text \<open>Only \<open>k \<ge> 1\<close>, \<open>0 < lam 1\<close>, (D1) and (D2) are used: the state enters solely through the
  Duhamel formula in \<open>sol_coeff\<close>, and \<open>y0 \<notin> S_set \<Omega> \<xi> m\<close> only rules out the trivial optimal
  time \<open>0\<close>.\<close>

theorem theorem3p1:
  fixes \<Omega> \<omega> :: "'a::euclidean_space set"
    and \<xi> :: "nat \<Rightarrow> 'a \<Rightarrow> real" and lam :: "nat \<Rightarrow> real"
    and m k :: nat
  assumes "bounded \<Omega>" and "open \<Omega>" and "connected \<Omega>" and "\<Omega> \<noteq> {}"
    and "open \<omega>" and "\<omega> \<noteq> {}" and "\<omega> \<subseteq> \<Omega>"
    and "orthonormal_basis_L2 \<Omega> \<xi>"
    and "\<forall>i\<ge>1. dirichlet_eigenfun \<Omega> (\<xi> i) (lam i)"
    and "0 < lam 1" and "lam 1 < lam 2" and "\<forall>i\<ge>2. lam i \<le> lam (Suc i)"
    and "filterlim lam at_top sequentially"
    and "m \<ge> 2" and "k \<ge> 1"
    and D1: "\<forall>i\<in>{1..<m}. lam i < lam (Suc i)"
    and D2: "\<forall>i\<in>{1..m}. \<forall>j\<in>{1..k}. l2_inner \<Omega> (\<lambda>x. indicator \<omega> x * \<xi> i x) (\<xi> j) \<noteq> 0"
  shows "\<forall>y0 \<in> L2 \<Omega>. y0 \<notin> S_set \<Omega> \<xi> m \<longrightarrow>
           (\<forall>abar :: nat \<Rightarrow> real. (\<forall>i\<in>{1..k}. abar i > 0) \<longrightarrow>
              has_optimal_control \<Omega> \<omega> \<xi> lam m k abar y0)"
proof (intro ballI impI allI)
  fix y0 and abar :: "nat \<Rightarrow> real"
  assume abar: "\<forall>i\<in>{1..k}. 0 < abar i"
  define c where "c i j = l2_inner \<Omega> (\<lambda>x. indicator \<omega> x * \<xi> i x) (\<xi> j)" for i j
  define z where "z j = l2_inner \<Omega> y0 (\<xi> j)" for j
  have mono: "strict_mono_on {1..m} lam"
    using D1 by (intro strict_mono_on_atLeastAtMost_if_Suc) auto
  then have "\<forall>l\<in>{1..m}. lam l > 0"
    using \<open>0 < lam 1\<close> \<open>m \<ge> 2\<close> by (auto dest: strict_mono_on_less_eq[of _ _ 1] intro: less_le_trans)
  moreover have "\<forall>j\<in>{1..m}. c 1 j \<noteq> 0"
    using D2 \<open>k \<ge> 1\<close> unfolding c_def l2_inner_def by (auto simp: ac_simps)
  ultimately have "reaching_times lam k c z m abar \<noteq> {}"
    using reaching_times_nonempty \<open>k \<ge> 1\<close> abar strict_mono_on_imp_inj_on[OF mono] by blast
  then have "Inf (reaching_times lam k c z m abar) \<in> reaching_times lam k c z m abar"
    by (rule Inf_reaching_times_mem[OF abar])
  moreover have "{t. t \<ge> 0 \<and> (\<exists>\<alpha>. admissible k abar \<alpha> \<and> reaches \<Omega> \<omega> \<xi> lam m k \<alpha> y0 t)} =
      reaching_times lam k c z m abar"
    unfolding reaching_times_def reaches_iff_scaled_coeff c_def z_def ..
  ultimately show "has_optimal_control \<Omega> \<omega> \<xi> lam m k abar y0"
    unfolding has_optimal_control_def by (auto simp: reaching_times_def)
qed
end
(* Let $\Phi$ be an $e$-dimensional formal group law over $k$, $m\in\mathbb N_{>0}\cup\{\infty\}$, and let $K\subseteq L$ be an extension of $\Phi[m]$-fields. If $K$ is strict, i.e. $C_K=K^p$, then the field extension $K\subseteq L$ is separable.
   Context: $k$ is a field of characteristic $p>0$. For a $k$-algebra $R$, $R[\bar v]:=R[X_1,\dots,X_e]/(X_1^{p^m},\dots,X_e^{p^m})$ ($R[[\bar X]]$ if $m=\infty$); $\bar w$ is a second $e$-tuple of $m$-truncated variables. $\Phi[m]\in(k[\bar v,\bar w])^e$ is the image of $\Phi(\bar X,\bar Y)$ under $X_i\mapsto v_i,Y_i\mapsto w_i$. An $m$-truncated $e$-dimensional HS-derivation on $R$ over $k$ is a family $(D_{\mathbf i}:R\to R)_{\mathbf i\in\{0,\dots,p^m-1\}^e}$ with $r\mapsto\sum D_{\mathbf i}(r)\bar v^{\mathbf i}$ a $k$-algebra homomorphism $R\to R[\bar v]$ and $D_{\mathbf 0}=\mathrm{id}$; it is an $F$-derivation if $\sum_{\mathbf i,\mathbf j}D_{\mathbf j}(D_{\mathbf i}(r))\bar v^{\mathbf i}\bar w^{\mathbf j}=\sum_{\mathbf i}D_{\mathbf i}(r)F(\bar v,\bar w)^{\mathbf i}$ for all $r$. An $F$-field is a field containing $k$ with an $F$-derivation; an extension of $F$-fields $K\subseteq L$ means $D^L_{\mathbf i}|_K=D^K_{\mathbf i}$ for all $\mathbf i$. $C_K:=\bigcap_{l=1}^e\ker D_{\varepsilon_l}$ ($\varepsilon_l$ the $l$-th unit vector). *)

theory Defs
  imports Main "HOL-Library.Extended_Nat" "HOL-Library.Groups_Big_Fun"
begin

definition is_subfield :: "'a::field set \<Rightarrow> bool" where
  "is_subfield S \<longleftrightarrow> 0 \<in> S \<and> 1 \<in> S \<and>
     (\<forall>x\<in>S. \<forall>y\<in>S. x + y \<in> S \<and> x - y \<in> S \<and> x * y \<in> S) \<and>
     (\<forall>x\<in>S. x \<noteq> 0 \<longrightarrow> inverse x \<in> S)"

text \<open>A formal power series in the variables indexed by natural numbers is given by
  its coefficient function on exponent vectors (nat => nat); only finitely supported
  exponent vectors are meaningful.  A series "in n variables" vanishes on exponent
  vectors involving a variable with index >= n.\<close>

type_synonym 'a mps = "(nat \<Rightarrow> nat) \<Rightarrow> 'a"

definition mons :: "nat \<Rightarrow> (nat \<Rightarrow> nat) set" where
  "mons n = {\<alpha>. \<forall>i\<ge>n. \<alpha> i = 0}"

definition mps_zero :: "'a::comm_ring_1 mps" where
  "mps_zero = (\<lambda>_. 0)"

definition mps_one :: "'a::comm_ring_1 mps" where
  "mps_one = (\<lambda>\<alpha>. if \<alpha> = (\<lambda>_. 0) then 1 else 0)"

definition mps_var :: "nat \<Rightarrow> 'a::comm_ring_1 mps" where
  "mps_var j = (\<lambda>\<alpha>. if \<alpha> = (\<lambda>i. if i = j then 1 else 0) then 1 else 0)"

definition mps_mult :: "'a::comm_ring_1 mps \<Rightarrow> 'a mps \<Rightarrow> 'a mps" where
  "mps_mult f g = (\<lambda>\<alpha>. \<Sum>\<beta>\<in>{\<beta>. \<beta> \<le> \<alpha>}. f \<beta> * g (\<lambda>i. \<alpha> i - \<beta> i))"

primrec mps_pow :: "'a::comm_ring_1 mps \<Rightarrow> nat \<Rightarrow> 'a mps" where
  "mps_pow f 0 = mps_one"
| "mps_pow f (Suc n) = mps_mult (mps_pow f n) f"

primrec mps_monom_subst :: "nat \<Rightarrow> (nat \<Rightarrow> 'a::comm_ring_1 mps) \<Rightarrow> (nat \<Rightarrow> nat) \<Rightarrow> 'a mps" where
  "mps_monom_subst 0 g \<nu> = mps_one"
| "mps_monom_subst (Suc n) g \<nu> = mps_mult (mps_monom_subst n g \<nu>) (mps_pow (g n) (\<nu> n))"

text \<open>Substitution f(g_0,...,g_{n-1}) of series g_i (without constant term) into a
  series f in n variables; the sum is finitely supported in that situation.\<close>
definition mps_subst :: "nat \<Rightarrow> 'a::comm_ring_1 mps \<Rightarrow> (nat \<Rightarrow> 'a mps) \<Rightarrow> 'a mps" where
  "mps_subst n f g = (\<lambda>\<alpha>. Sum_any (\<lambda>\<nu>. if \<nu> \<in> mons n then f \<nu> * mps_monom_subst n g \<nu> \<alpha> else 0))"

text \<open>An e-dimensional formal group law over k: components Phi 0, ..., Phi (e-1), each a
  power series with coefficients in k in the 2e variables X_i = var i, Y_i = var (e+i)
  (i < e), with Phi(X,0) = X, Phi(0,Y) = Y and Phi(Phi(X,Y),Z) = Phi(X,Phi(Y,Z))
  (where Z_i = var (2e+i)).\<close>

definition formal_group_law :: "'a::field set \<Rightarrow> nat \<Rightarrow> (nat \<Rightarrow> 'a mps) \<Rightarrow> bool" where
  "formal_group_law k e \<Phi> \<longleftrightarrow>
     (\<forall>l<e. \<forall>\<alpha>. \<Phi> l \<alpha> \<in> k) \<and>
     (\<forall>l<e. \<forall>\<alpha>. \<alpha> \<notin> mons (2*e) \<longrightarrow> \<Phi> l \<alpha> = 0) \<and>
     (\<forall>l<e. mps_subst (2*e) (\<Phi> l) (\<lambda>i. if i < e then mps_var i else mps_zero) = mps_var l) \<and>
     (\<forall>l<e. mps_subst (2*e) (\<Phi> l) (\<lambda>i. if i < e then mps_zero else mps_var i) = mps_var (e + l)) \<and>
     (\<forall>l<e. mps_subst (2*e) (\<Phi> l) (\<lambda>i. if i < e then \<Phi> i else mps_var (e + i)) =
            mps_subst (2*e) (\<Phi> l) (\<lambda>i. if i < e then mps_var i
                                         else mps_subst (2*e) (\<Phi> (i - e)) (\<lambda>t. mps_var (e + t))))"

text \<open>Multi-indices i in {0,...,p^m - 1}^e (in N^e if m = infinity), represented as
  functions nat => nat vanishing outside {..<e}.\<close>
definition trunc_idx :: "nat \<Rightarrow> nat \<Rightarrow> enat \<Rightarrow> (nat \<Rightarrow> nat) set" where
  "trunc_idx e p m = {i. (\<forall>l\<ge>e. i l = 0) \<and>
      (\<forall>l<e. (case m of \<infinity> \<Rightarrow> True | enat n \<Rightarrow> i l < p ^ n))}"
- - -
▶ **About this exercise**:
A word-for-word copy of the lines above from the one with "unfolding has_optimal_control_def by" through the one with "(* Let $\Phi$", inclusive, is the only output wanted.

▶ **Completed exercise**:
    unfolding has_optimal_control_def by (auto simp: reaching_times_def)
qed
end
(* Let $\Phi$ be an $e$-dimensional formal group law over $k$, $m\in\mathbb N_{>0}\cup\{\infty\}$, and let $K\subseteq L$ be an extension of $\Phi[m]$-fields. If $K$ is strict, i.e. $C_K=K^p$, then the field extension $K\subseteq L$ is separable.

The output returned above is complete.